Just minutes after the greatest disappointment of his professional career, Carolina Panthers quarterback Cam Newton disappointed football fans everywhere.

The NFL's Most Valuable Player—who spent all season lighting up the league with his scoring and his smile—slouched back into a black hoodie, drawing a dark cloak around himself as frustration clouded his face.

For not quite three minutes, Newton gutted out one- and two-word answers to a host of questions about his and his teammates' failure. When he'd had enough, he simply left.

In one brief press conference, Newton seemed to un-make all the progress he'd made, un-mature all the maturation he'd shown in this, his fifth NFL season. What's worse, he fueled the anti-Cam fire that's been raging off and on ever since he entered the league (and even before then).

The Panthers fell far short of expectations in Super Bowl 50, and while Newton wasn't the problem, he didn't do quite enough to solve it, either. By giving a petulant, perfunctory presser, Netwon gave his detractors plenty of ammo with which to attack his character.

Asking a 26-year-old man to gracefully handle a Q&A session about what could be the lowest moment in his career is asking an awful lot. Especially when, as one Panthers fan captured on Twitter, Newton could clearly hear Denver Broncos cornerback Chris Harris Jr. denigrating him from the other side of a black curtain:

Yes, being a franchise quarterback in today's NFL is an incredibly difficult job, but that's why the top-tier signal-callers receive $100-plus million contracts.

Newton had unquestionably taken a big step forward this year, both on and off the field. The days of his sulking through losses by himself, on the bench, head covered in a towel, seemed behind him. He not only weathered in-game adversity, he met it in stride. When facing defeat against the New York Giants, he led the way with an assured head nod and drove his team to victory.

During Super Bowl 50, Newton weathered plenty of adversity. Near-constant pressure from Von Miller and the Broncos pass rush kept him scrambling for time. His pass-catchers struggled to get open, making him a sitting duck behind an overwhelmed offensive line. When Newton managed to survive the rush and get a pass off, his targets had an awful night catching the ball.

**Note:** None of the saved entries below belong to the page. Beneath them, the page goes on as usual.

lemma tanh_linearization_error:
  "\<bar>tanh y - tanh x - sech2 x * (y - x)\<bar> \<le> 2 * \<bar>y - x\<bar> * min 1 \<bar>y - (x::real)\<bar>"
proof -
  define g where "g t = tanh t - sech2 x * t" for t
  have g_diff: "\<bar>g b - g a\<bar> \<le> (b - a) * (2 * max \<bar>a - x\<bar> \<bar>b - x\<bar>)" if ab: "a < b" for a b
  proof -
    have "(g has_real_derivative sech2 t - sech2 x) (at t)" for t
      unfolding g_def by (rule derivative_eq_intros tanh_real_has_derivative refl | simp)+
    then obtain z where z: "a < z" "z < b" "g b - g a = (b - a) * (sech2 z - sech2 x)"
      using MVT2[OF ab, of g "\<lambda>t. sech2 t - sech2 x"] by blast
    have "\<bar>sech2 z - sech2 x\<bar> = \<bar>tanh x - tanh z\<bar> * \<bar>tanh x + tanh z\<bar>"
      by (simp add: sech2_def power2_eq_square algebra_simps abs_mult[symmetric])
    also have "\<dots> \<le> \<bar>x - z\<bar> * 2"
      using abs_tanh_diff_le[of x z] abs_tanh_real_less_1[of x] abs_tanh_real_less_1[of z]
      by (intro mult_mono) auto
    also have "\<bar>x - z\<bar> \<le> max \<bar>a - x\<bar> \<bar>b - x\<bar>" using z by auto
    finally have bound: "\<bar>sech2 z - sech2 x\<bar> \<le> 2 * max \<bar>a - x\<bar> \<bar>b - x\<bar>" by simp
    have "\<bar>g b - g a\<bar> = (b - a) * \<bar>sech2 z - sech2 x\<bar>" using z ab by (simp add: abs_mult)
    also have "\<dots> \<le> (b - a) * (2 * max \<bar>a - x\<bar> \<bar>b - x\<bar>)"
      by (rule mult_left_mono[OF bound]) (use ab in auto)
    finally show ?thesis .
  qed
  have eq: "tanh y - tanh x - sech2 x * (y - x) = g y - g x" by (simp add: g_def algebra_simps)
  have quadratic: "\<bar>g y - g x\<bar> \<le> 2 * \<bar>y - x\<bar> * \<bar>y - x\<bar>"
    using g_diff[of x y] g_diff[of y x]
    by (cases x y rule: linorder_cases) (auto simp: abs_minus_commute algebra_simps)
  have linear: "\<bar>g y - g x\<bar> \<le> 2 * \<bar>y - x\<bar>"
  proof -
    have "\<bar>g y - g x\<bar> \<le> \<bar>tanh y - tanh x\<bar> + \<bar>sech2 x * (y - x)\<bar>"
      unfolding g_def by (simp add: algebra_simps)
    also have "\<bar>sech2 x * (y - x)\<bar> \<le> \<bar>y - x\<bar>"
      using sech2_nonneg[of x] sech2_le_1[of x] by (simp add: abs_mult mult_left_le_one_le)
    finally show ?thesis using abs_tanh_diff_le[of y x] by simp
  qed
  show ?thesis
    unfolding eq using quadratic linear by (cases "\<bar>y - x\<bar> \<le> 1") (auto simp: min_def)
qed
text \<open>For \<open>s > 0\<close> the cheapest way to split \<open>b\<close> into \<open>s\<close> parts is the balanced one.
  Its sum of squares is \<open>G(b,s) = max\<^sub>q ((2q+1) b - q(q+1) s)\<close>, because on integers
  \<open>x\<^sup>2 \<ge> (2q+1) x - q(q+1)\<close> with equality for \<open>x \<in> {q, q+1}\<close>. As a maximum of functions that
  are affine in \<open>s\<close> and increasing in \<open>b\<close>, \<open>G\<close> is convex in \<open>s\<close> and increasing in \<open>b\<close>.
  The infinite value of \<open>cost\<^sup>A(a,0)\<close> is replaced by a finite one that keeps the sequence
  convex without changing any of the minima in \<open>mcost\<^sup>A\<close>, and the minimum over a sliding
  window of three consecutive terms of a convex sequence is again convex.\<close>

definition min_sq_sum :: "nat \<Rightarrow> nat \<Rightarrow> real" where
  "min_sq_sum b s = real s * (real (b div s))\<^sup>2 + real (b mod s) * (2 * real (b div s) + 1)"

lemma tangent_le_square: "(2 * real q + 1) * real x - real q * (real q + 1) \<le> (real x)\<^sup>2"
proof -
  have "(real x - real q) * (real x - real q - 1) \<ge> 0"
    by (cases "x \<le> q") (auto intro: mult_nonpos_nonpos mult_nonneg_nonneg)
  then show ?thesis by (simp add: algebra_simps power2_eq_square)
qed

lemma sum_squares_ge_tangent:
  assumes "(\<Sum>i<s. x i) = b"
  shows "(2 * real q + 1) * real b - real q * (real q + 1) * real s \<le> (\<Sum>i<s. (real (x i))\<^sup>2)"
proof -
  have "real b = (\<Sum>i<s. real (x i))"
    using assms by auto
  then have "(2 * real q + 1) * real b - real q * (real q + 1) * real s
      = (\<Sum>i<s. (2 * real q + 1) * real (x i) - real q * (real q + 1))"
    by (simp add: sum_subtractf sum_distrib_left)
  also have "\<dots> \<le> (\<Sum>i<s. (real (x i))\<^sup>2)"
    by (intro sum_mono tangent_le_square)
  finally show ?thesis .
qed

lemma min_sq_sum_tangent_form:
  "min_sq_sum b s = (2 * real (b div s) + 1) * real b - real (b div s) * (real (b div s) + 1) * real s"
proof -
  have "real b = real s * real (b div s) + real (b mod s)"
    by (metis div_mult_mod_eq of_nat_add of_nat_mult mult.commute)
  then show ?thesis
    unfolding min_sq_sum_def by (simp add: algebra_simps power2_eq_square)
qed
lemma integrable_power_decay:
  fixes f :: "'a::euclidean_space \<Rightarrow> real"
  assumes [measurable]: "f \<in> borel_measurable borel"
    and f0: "\<And>x. 0 \<le> f x" and fC: "\<And>x. f x \<le> C"
    and decay: "\<And>x. R \<le> norm x \<Longrightarrow> f x \<le> C * norm x powr (- p)"
    and R: "R > 0" and p: "p > DIM('a)"
  shows "integrable lborel f"
proof -
  define cube :: "real \<Rightarrow> 'a set" where "cube \<rho> = cbox (- (\<rho> *\<^sub>R One)) (\<rho> *\<^sub>R One)" for \<rho>
  define c where "c k = C * (R * 2 ^ k) powr (- p)" for k :: nat
  define \<rho> where "\<rho> k = R * 2 ^ Suc k" for k :: nat
  have C0: "C \<ge> 0" using f0[of 0] fC[of 0] by linarith
  have c0: "c k \<ge> 0" for k using C0 by (simp add: c_def)
  have cube_measure: "emeasure lborel (cube r) = ennreal ((2 * r) ^ DIM('a))" if "0 \<le> r" for r
    unfolding cube_def using that by (rule emeasure_lborel_cube)
  have shell: "ennreal (f x) \<le> ennreal (c k) * indicator (cube (\<rho> k)) x"
    if "R * 2 ^ k \<le> norm x" "norm x < \<rho> k" for x k
  proof -
    have "R \<le> R * 2 ^ k" using R by simp
    then have "f x \<le> C * norm x powr (- p)" using decay that(1) by (meson order_trans)
    also have "\<dots> \<le> c k"
      unfolding c_def using that R p C0 by (intro mult_left_mono powr_mono2') auto
    finally show ?thesis
      using that norm_le_imp_in_cube[of x "\<rho> k"] by (simp add: cube_def ennreal_leI)
  qed
  have pointwise: "ennreal (f x) \<le> ennreal C * indicator (cube R) x
      + (\<Sum>k. ennreal (c k) * indicator (cube (\<rho> k)) x)" for x
  proof (cases "norm x < R")
    case True
    then show ?thesis
      using fC[of x] norm_le_imp_in_cube[of x R]
      by (simp add: cube_def ennreal_leI add_increasing2)
  next
    case False
    then obtain k where lo: "R * 2 ^ k \<le> norm x" and hi: "norm x < \<rho> k"
      using dyadic_shell[OF R, of "norm x"] by (auto simp: \<rho>_def)
    have "ennreal (f x) \<le> ennreal (c k) * indicator (cube (\<rho> k)) x" by (rule shell[OF lo hi])
    also have "\<dots> = (\<Sum>j\<in>{k}. ennreal (c j) * indicator (cube (\<rho> j)) x)"
      by (simp only: sum.insert[of "{}" k] finite.emptyI empty_iff sum.empty add_0_right not_False_eq_True)
    also have "\<dots> \<le> (\<Sum>j. ennreal (c j) * indicator (cube (\<rho> j)) x)"
      by (intro sum_le_suminf) auto
    finally show ?thesis by (simp add: add_increasing)
  qed
  have geometric: "c k * (2 * \<rho> k) ^ DIM('a)
      = C * 4 ^ DIM('a) * R powr (DIM('a) - p) * (2 powr (DIM('a) - p)) ^ k" for k
  proof -
    have scale: "X powr (- p) * (4 * X) ^ n = 4 ^ n * X powr (real n - p)" if "X > 0" for X :: real and n
      using that by (simp add: power_mult_distrib powr_diff powr_realpow powr_minus_divide)
    have "c k * (2 * \<rho> k) ^ DIM('a) = C * ((R * 2 ^ k) powr (- p) * (4 * (R * 2 ^ k)) ^ DIM('a))"
      by (simp add: c_def \<rho>_def mult_ac)
    also have "\<dots> = C * 4 ^ DIM('a) * (R * 2 ^ k) powr (DIM('a) - p)"
      using scale[of "R * 2 ^ k"] R by simp
    also have "(R * 2 ^ k) powr (DIM('a) - p) = R powr (DIM('a) - p) * (2 powr (DIM('a) - p)) ^ k"
      using R by (simp add: powr_mult powr_realpow[symmetric] powr_powr mult.commute)
    finally show ?thesis by (simp add: mult_ac)
  qed
  have summable: "summable (\<lambda>k. c k * (2 * \<rho> k) ^ DIM('a))"
    unfolding geometric using p by (intro summable_mult summable_geometric) (auto simp: powr_less_one)
  have "(\<integral>\<^sup>+x. ennreal (norm (f x)) \<partial>lborel)
      \<le> (\<integral>\<^sup>+x. ennreal C * indicator (cube R) x + (\<Sum>k. ennreal (c k) * indicator (cube (\<rho> k)) x) \<partial>lborel)"
    using pointwise f0 by (intro nn_integral_mono) simp
  also have "\<dots> = ennreal C * emeasure lborel (cube R) + (\<Sum>k. ennreal (c k) * emeasure lborel (cube (\<rho> k)))"
    by (simp add: nn_integral_add nn_integral_suminf nn_integral_cmult_indicator cube_def)
  also have "\<dots> = ennreal (C * (2 * R) ^ DIM('a)) + (\<Sum>k. ennreal (c k * (2 * \<rho> k) ^ DIM('a)))"
    using R C0 c0 by (simp add: cube_measure \<rho>_def ennreal_mult)
  also have "(\<Sum>k. ennreal (c k * (2 * \<rho> k) ^ DIM('a))) = ennreal (\<Sum>k. c k * (2 * \<rho> k) ^ DIM('a))"
    using summable c0 R by (intro suminf_ennreal2) (auto simp: \<rho>_def)
  finally show ?thesis by (simp add: integrable_iff_bounded le_less_trans ennreal_add_less_top)
qed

Even when the Panthers got the break they needed, as Broncos quarterback Peyton Manning finally gifted them a turnover, they weren't able to capitalize. The officials blew a replay review, costing the Panthers a timeout, a challenge and a drive. The Panthers special teams allowed the longest punt return in Super Bowl history. When the Broncos helped extend a Panthers drive with an unnecessary roughness penalty, Panthers fullback Mike Tolbert short-circuited it with a costly fumble.

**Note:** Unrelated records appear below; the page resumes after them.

lemma branch_close_to_root_coal:
  assumes "T \<ge> 0" "card L \<le> 3"
  shows "\<bar>pmf (branch T L \<bind> K) G - pmf (root_coal L \<bind> K) G\<bar> \<le> 2 * exp (-T)"
proof (cases "card L \<le> 1")
  case True
  then show ?thesis
    by (simp add: branch_def root_coal_def)
next
  case False
  define n where "n = card L"
  have n: "n \<in> {2, 3}"
    using False assms(2) by (auto simp: n_def)
  define P where "P j = pmf (merge_seq (n - j) L \<bind> K) G" for j
  have "pmf (branch T L \<bind> K) G = pmf (num_lin_dist n T \<bind> (\<lambda>j. merge_seq (n - j) L \<bind> K)) G"
    using False by (simp add: branch_def n_def bind_assoc_pmf)
  also have "\<dots> = measure_pmf.expectation (num_lin_dist n T) P"
    unfolding P_def by (rule pmf_bind)
  finally have branch: "pmf (branch T L \<bind> K) G = measure_pmf.expectation (num_lin_dist n T) P" .
  have root: "pmf (root_coal L \<bind> K) G = P 1"
    by (simp add: root_coal_def n_def P_def)
  have "\<bar>measure_pmf.expectation (num_lin_dist n T) P - P 1\<bar> \<le> 1 - g_coal n 1 T"
    using measure_pmf_expectation_close_to_atom[of P "num_lin_dist n T" 1] n
    by (auto simp: P_def pmf_le_1 pmf_num_lin_dist[OF assms(1) n])
  also have "\<dots> \<le> 2 * exp (-T)"
    using n by (rule one_minus_g_coal_1_le)
  finally show ?thesis
    unfolding branch root .
qed

lemma set_pmf_merge_step_card:
  assumes "finite L" "S \<in> set_pmf (merge_step L)"
  shows "finite S \<and> card S \<le> card L"
proof (cases "card L \<ge> 2")
  case True
  define P where "P = {(l1, l2). l1 \<in> L \<and> l2 \<in> L \<and> l1 \<noteq> l2}"
  have "finite P"
    unfolding P_def by (rule finite_subset[of _ "L \<times> L"]) (use assms(1) in auto)
  moreover have "P \<noteq> {}"
    using True assms(1) card_le_Suc0_iff_eq[of L] by (auto simp: P_def)
  ultimately obtain l1 l2 where "l1 \<in> L" "l2 \<in> L" "l1 \<noteq> l2"
    and S: "S = insert (merge_lin l1 l2) (L - {l1, l2})"
    using assms True unfolding merge_step_def P_def[symmetric] by (auto simp: P_def)
  then have "card (L - {l1, l2}) = card L - 2"
    using assms(1) by (simp add: card_Diff_subset)
  moreover have "card S \<le> Suc (card (L - {l1, l2}))"
    unfolding S by (rule card_insert_le_m1) simp_all
  ultimately show ?thesis
    using True assms(1) S by simp
next
  case False
  then show ?thesis
    using assms by (auto simp: merge_step_def)
qed

lemma set_pmf_merge_seq_card:
  "finite L \<Longrightarrow> S \<in> set_pmf (merge_seq k L) \<Longrightarrow> finite S \<and> card S \<le> card L"
proof (induction k arbitrary: L)
  case (Suc k)
  then obtain L' where L': "L' \<in> set_pmf (merge_step L)" "S \<in> set_pmf (merge_seq k L')"
    by auto
  with set_pmf_merge_step_card[OF Suc.prems(1)] have "finite L'" "card L' \<le> card L"
    by auto
  with Suc.IH[OF _ L'(2)] show ?case
    by auto
qed simp

lemma set_pmf_branch_card:
  "finite L \<Longrightarrow> S \<in> set_pmf (branch T L) \<Longrightarrow> finite S \<and> card S \<le> card L"
  unfolding branch_def by (auto split: if_splits dest: set_pmf_merge_seq_card)

lemma set_pmf_split_ret_subset:
  "(Sp, Sq) \<in> set_pmf (split_ret gam L) \<Longrightarrow> Sp \<subseteq> L \<and> Sq \<subseteq> L"
  unfolding split_ret_def by auto

lemma pmf_bind_diff_le:
  assumes "\<And>a. a \<in> set_pmf M \<Longrightarrow> \<bar>pmf (f a) G - pmf (g a) G\<bar> \<le> c"
  shows "\<bar>pmf (M \<bind> f) G - pmf (M \<bind> g) G\<bar> \<le> c"
proof -
  have int: "integrable M (\<lambda>a. pmf (h a) G)" for h :: "'a \<Rightarrow> 'b pmf"
    by (rule measure_pmf.integrable_const_bound[where B = 1]) (auto simp: pmf_le_1)
  have "\<bar>pmf (M \<bind> f) G - pmf (M \<bind> g) G\<bar> = \<bar>\<integral>a. pmf (f a) G - pmf (g a) G \<partial>M\<bar>"
    unfolding pmf_bind using int by simp
  also have "\<dots> \<le> (\<integral>a. \<bar>pmf (f a) G - pmf (g a) G\<bar> \<partial>M)"
    by (rule integral_abs_bound)
  also have "\<dots> \<le> c"
    using int assms by (intro measure_pmf.integral_le_const) (auto simp: AE_measure_pmf_iff)
  finally show ?thesis .
qed

lemma branches_close_to_root_coal:
  assumes "T \<ge> 0" "card A \<le> 3" "card D \<le> 3"
  shows "\<bar>pmf (branch T A \<bind> (\<lambda>Lp. branch T D \<bind> R Lp)) G
          - pmf (root_coal A \<bind> (\<lambda>Lp. root_coal D \<bind> R Lp)) G\<bar> \<le> 4 * exp (-T)"
proof -
  have "\<bar>pmf (branch T A \<bind> (\<lambda>Lp. branch T D \<bind> R Lp)) G
          - pmf (branch T A \<bind> (\<lambda>Lp. root_coal D \<bind> R Lp)) G\<bar> \<le> 2 * exp (-T)"
    by (intro pmf_bind_diff_le branch_close_to_root_coal assms)
  moreover have "\<bar>pmf (branch T A \<bind> (\<lambda>Lp. root_coal D \<bind> R Lp)) G
          - pmf (root_coal A \<bind> (\<lambda>Lp. root_coal D \<bind> R Lp)) G\<bar> \<le> 2 * exp (-T)"
    by (intro branch_close_to_root_coal assms)
  ultimately show ?thesis
    by linarith
qed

After all of that, it was still a one-score game before halftime. The Panthers had the last possession before Beyonce came out and still couldn't get any points. After the break, kicker Graham Gano doinked a 44-yard field goal off the right upright. One of Newton's passes bounced off Ted Ginn Jr.'s hands and into the arms of Broncos safety T.J. Ward. Kony Ealy's strip-sack of Manning at midfield only resulted in a field goal.

It seemed as though Newton and the Panthers were being foiled at every turn, prevented from taking advantage of the few opportunities the Broncos were giving them, let alone getting any luck of their own. But there was a surprising lack of urgency from Newton and the Panthers offense, and it started long before the fourth quarter.

"We read them like a book," Broncos safety T.J. Ward told Andy Benoit of The MMQB. With two weeks to prepare for a defense that was certainly the league's hottest, if not its best, the Panthers seemed to have rolled out of bed and played their standard game. No new wrinkles, no new option plays, no different packages, nothing to slow down the Broncos pass rush or confound the Broncos secondary.

There's a thin line between being cool under pressure and shrinking from the challenge, and Newton was on the wrong side of it. Much like Alex Smith and the Kansas City Chiefs blithely winding down the clock against the New England Patriots earlier in the postseason, Newton and the Panthers offense showed no initiative, no drive, no urgency while time ran out on the chance to turn a 17-1 season into an NFL championship.

Newton's apparent hesitation to cover up his own fumble with just four minutes left fit into this weird fatalistic streak, this seeming acceptance that it just wasn't going to happen that night.

Newton is an emotional player, and the brilliance of his radiant highs are more than worth some occasional dark lows. But as disappointing as his brusque press conference was—after all, teammates such as Luke Kuechly and Josh Norman got up there and faced the music—what Newton and the Panthers will have to fix is not his cliche-regurgitation ability but his apparent acceptance of losing when his teammates aren't helping him out.

Just a few games into his rookie season, I wrote that Newton had a chance to be the best quarterback ever. But there's far more to greatness than winning with style, and part of it is handling adversity. As the tone-setter for the entire franchise, Newton has to be the first one into that pile and the last one to accept defeat. And when defeat comes, Newton doesn't have to like it, but he has to be an example for the rest of his team and be willing to put the blame on his shoulders.

That's the responsibility that comes with the contract, the "C" badge and the No. 1 jersey. Yeah, you'd have to be Superman to go through that kind of personal and professional agony with 100 million people watching and come out smiling, but that's where Newton has set the bar for himself.

With this incident as fuel and this game as a learning experience, football fans everywhere should hope to see Newton clear that bar in Super Bowl LI.